Start at the line with "then show ?case" in the records below, stop at the line with "by (rule assoc_mult_mat[OF", and return every line in that span exactly, the two end lines included.

SUPPLIED DATA =>
◆ ◆ ◆ ◆
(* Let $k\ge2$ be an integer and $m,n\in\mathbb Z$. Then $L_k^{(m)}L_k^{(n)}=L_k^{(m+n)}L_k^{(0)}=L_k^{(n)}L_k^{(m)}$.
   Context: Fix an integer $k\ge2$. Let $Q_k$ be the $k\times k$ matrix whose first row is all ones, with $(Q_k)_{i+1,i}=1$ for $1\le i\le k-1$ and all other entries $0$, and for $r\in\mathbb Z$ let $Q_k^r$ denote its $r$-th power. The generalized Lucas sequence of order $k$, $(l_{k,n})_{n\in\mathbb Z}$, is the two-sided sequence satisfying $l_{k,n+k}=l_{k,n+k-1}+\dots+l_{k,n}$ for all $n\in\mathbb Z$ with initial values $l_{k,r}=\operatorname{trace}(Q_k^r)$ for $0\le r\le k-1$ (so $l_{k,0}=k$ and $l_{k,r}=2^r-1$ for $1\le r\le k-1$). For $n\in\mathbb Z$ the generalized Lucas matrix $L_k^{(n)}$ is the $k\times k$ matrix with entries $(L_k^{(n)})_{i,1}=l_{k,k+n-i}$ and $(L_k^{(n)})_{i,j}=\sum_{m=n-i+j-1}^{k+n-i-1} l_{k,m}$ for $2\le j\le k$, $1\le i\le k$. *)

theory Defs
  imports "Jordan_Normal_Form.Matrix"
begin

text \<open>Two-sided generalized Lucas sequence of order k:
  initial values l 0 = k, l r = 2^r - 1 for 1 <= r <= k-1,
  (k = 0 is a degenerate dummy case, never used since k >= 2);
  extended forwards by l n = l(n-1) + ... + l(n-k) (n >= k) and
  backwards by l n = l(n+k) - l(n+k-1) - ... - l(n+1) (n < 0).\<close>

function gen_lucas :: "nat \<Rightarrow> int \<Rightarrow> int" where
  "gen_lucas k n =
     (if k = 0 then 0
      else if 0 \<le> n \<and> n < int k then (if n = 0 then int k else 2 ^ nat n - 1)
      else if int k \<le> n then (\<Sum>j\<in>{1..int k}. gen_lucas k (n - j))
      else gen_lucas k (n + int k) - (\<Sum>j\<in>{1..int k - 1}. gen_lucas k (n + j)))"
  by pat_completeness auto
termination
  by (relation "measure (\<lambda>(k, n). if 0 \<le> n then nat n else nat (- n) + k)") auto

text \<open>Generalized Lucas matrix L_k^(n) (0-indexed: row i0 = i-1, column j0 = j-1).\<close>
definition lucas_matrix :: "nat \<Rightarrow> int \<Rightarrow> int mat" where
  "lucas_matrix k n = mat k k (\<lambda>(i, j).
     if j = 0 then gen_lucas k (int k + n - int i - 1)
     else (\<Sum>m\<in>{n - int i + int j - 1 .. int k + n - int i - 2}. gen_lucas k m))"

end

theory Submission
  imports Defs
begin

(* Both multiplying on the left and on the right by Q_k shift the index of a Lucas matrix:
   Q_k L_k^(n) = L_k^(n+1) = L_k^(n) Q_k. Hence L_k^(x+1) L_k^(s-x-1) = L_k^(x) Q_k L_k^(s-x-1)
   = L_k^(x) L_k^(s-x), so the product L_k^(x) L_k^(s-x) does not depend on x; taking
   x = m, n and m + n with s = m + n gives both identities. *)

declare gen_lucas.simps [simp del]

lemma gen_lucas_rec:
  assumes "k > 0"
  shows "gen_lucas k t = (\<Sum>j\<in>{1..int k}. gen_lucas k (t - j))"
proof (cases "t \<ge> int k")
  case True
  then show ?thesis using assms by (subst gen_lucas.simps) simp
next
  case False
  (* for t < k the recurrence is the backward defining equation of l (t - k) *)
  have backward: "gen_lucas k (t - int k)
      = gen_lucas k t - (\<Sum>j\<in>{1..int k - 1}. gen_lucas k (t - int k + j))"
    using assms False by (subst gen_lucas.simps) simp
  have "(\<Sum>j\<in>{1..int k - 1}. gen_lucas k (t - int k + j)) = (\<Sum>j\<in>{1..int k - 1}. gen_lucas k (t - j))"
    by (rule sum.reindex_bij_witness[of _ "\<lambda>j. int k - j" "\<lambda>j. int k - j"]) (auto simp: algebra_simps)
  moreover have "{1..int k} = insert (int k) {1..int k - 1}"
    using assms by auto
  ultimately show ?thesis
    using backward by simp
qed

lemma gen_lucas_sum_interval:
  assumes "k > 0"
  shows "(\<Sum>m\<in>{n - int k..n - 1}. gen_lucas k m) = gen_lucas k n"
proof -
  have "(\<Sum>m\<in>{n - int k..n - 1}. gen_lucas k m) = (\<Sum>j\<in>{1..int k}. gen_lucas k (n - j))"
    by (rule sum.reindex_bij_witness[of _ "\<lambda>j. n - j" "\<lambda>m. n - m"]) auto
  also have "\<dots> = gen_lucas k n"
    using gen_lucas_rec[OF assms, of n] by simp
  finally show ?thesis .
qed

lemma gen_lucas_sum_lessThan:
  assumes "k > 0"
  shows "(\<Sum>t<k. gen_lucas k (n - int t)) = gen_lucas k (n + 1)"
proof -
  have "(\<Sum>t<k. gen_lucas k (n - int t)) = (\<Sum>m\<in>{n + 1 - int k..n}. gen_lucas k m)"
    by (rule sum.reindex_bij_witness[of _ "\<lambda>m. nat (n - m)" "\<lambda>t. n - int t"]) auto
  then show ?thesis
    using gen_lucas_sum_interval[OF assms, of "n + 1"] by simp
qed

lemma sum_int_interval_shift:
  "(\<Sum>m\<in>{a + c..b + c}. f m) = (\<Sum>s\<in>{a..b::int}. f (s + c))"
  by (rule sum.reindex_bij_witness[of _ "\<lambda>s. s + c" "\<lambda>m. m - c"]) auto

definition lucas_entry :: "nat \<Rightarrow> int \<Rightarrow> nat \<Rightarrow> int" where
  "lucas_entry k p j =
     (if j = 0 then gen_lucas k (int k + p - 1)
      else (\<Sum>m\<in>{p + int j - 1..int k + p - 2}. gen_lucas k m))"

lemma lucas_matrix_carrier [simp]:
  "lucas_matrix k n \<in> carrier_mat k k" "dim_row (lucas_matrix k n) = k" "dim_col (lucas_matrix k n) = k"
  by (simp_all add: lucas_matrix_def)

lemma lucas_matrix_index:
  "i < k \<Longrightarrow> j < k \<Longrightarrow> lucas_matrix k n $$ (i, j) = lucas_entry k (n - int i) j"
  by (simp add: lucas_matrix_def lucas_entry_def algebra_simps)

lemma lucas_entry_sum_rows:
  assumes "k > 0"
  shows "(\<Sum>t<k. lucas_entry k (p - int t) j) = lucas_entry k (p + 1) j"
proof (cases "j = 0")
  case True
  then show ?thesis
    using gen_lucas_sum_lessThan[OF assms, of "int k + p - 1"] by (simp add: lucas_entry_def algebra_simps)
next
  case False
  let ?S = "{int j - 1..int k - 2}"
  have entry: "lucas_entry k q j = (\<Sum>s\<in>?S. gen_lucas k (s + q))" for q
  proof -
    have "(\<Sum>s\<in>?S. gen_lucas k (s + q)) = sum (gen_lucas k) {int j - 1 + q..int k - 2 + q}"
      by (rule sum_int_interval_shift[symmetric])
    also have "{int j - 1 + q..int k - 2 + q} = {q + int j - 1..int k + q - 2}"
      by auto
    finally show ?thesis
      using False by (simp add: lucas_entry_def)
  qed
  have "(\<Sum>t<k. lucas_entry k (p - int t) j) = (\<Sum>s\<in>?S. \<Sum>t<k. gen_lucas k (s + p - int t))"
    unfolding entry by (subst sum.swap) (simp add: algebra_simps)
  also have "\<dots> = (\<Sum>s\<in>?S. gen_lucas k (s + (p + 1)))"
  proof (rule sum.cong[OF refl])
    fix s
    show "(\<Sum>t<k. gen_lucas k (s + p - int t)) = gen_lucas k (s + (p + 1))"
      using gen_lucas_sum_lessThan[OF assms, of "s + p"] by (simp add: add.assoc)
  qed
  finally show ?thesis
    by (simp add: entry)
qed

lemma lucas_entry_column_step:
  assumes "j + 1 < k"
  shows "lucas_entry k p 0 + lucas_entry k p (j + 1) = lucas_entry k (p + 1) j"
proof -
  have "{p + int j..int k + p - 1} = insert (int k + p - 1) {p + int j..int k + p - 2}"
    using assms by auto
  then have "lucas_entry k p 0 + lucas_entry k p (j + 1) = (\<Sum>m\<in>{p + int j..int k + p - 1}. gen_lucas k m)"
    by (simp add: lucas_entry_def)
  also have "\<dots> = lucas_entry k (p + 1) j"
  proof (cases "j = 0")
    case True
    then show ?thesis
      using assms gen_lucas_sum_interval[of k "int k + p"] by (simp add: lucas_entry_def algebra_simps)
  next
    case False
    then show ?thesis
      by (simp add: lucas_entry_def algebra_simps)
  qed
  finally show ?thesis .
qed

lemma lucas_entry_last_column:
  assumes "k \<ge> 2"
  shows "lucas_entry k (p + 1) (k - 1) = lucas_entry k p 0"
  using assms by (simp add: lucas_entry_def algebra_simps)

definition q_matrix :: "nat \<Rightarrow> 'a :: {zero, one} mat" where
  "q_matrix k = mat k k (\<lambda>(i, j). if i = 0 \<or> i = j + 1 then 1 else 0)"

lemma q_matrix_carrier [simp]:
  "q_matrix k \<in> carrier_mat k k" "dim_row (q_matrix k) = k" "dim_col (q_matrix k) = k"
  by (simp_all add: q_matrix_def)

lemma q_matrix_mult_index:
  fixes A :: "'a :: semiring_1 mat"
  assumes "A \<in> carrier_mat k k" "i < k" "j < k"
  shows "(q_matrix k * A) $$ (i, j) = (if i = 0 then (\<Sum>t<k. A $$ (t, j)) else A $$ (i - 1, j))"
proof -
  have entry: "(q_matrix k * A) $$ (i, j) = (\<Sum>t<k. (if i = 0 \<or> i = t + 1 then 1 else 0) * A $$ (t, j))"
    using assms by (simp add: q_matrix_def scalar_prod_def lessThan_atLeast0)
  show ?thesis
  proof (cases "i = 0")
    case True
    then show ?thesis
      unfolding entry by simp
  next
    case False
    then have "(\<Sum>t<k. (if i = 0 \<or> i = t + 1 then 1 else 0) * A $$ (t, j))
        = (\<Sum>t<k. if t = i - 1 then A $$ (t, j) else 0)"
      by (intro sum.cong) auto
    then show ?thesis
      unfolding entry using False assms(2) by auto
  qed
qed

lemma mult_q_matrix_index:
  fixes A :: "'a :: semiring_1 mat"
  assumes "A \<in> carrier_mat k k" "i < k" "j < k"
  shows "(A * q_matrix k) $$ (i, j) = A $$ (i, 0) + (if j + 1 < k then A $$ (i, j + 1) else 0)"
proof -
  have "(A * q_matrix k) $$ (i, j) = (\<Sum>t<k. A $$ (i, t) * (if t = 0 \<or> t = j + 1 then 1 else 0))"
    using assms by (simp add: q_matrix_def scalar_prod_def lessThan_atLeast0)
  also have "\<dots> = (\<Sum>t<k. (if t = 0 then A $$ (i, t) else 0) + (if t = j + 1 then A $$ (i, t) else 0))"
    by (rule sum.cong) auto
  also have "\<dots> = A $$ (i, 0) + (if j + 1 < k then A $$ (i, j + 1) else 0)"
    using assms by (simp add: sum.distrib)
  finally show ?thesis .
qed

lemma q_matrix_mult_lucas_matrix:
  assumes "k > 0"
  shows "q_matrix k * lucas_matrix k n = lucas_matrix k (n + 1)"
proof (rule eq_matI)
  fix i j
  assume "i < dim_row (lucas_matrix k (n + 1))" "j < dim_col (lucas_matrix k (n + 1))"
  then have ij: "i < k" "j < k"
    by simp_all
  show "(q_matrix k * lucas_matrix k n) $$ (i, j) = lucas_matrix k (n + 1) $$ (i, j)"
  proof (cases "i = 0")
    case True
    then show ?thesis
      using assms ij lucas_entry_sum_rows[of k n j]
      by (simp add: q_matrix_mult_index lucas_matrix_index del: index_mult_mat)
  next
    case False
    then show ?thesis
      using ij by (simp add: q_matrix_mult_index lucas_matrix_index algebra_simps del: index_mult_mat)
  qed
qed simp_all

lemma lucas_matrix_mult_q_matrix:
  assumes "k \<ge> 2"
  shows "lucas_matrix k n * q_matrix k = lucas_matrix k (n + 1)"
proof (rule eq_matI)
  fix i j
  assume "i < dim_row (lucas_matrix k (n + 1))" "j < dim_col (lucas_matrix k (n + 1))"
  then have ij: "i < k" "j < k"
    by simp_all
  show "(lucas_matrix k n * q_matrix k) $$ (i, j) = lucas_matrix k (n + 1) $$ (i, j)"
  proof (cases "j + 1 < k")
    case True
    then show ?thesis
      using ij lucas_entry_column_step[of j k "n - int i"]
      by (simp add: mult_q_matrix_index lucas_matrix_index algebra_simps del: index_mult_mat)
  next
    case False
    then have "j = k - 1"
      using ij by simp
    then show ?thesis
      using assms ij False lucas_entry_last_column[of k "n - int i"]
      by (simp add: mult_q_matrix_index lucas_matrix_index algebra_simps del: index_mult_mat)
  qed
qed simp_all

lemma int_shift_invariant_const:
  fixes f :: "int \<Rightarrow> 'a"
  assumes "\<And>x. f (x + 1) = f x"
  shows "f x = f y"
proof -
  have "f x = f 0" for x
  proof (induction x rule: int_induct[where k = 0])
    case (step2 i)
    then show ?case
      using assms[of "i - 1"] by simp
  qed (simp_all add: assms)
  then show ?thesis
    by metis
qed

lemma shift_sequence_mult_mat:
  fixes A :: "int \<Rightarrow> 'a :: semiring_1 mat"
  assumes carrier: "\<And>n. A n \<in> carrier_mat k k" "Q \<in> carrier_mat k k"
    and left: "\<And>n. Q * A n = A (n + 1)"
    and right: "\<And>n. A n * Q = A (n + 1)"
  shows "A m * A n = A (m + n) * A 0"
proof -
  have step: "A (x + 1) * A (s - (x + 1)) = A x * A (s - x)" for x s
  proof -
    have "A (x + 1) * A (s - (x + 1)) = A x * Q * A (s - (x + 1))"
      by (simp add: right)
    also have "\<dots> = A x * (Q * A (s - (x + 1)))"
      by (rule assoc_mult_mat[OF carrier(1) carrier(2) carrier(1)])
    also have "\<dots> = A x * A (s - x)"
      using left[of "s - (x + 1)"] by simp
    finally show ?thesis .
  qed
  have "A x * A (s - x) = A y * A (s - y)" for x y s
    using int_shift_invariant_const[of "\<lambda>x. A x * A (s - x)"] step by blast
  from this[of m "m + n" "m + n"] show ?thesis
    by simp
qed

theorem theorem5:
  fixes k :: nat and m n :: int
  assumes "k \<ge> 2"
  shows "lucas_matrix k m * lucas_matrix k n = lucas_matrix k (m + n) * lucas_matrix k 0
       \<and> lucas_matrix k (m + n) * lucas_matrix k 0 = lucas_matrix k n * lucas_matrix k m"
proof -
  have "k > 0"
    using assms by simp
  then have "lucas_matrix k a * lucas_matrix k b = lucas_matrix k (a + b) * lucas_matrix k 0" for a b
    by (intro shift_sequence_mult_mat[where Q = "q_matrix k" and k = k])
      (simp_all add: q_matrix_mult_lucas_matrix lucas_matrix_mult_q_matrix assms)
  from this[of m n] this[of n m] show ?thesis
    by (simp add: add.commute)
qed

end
◆ ◆ ◆ ◆
EXERCISE RESULT =>
    then show ?case
      using assms[of "i - 1"] by simp
  qed (simp_all add: assms)
  then show ?thesis
    by metis
qed

lemma shift_sequence_mult_mat:
  fixes A :: "int \<Rightarrow> 'a :: semiring_1 mat"
  assumes carrier: "\<And>n. A n \<in> carrier_mat k k" "Q \<in> carrier_mat k k"
    and left: "\<And>n. Q * A n = A (n + 1)"
    and right: "\<And>n. A n * Q = A (n + 1)"
  shows "A m * A n = A (m + n) * A 0"
proof -
  have step: "A (x + 1) * A (s - (x + 1)) = A x * A (s - x)" for x s
  proof -
    have "A (x + 1) * A (s - (x + 1)) = A x * Q * A (s - (x + 1))"
      by (simp add: right)
    also have "\<dots> = A x * (Q * A (s - (x + 1)))"
      by (rule assoc_mult_mat[OF carrier(1) carrier(2) carrier(1)])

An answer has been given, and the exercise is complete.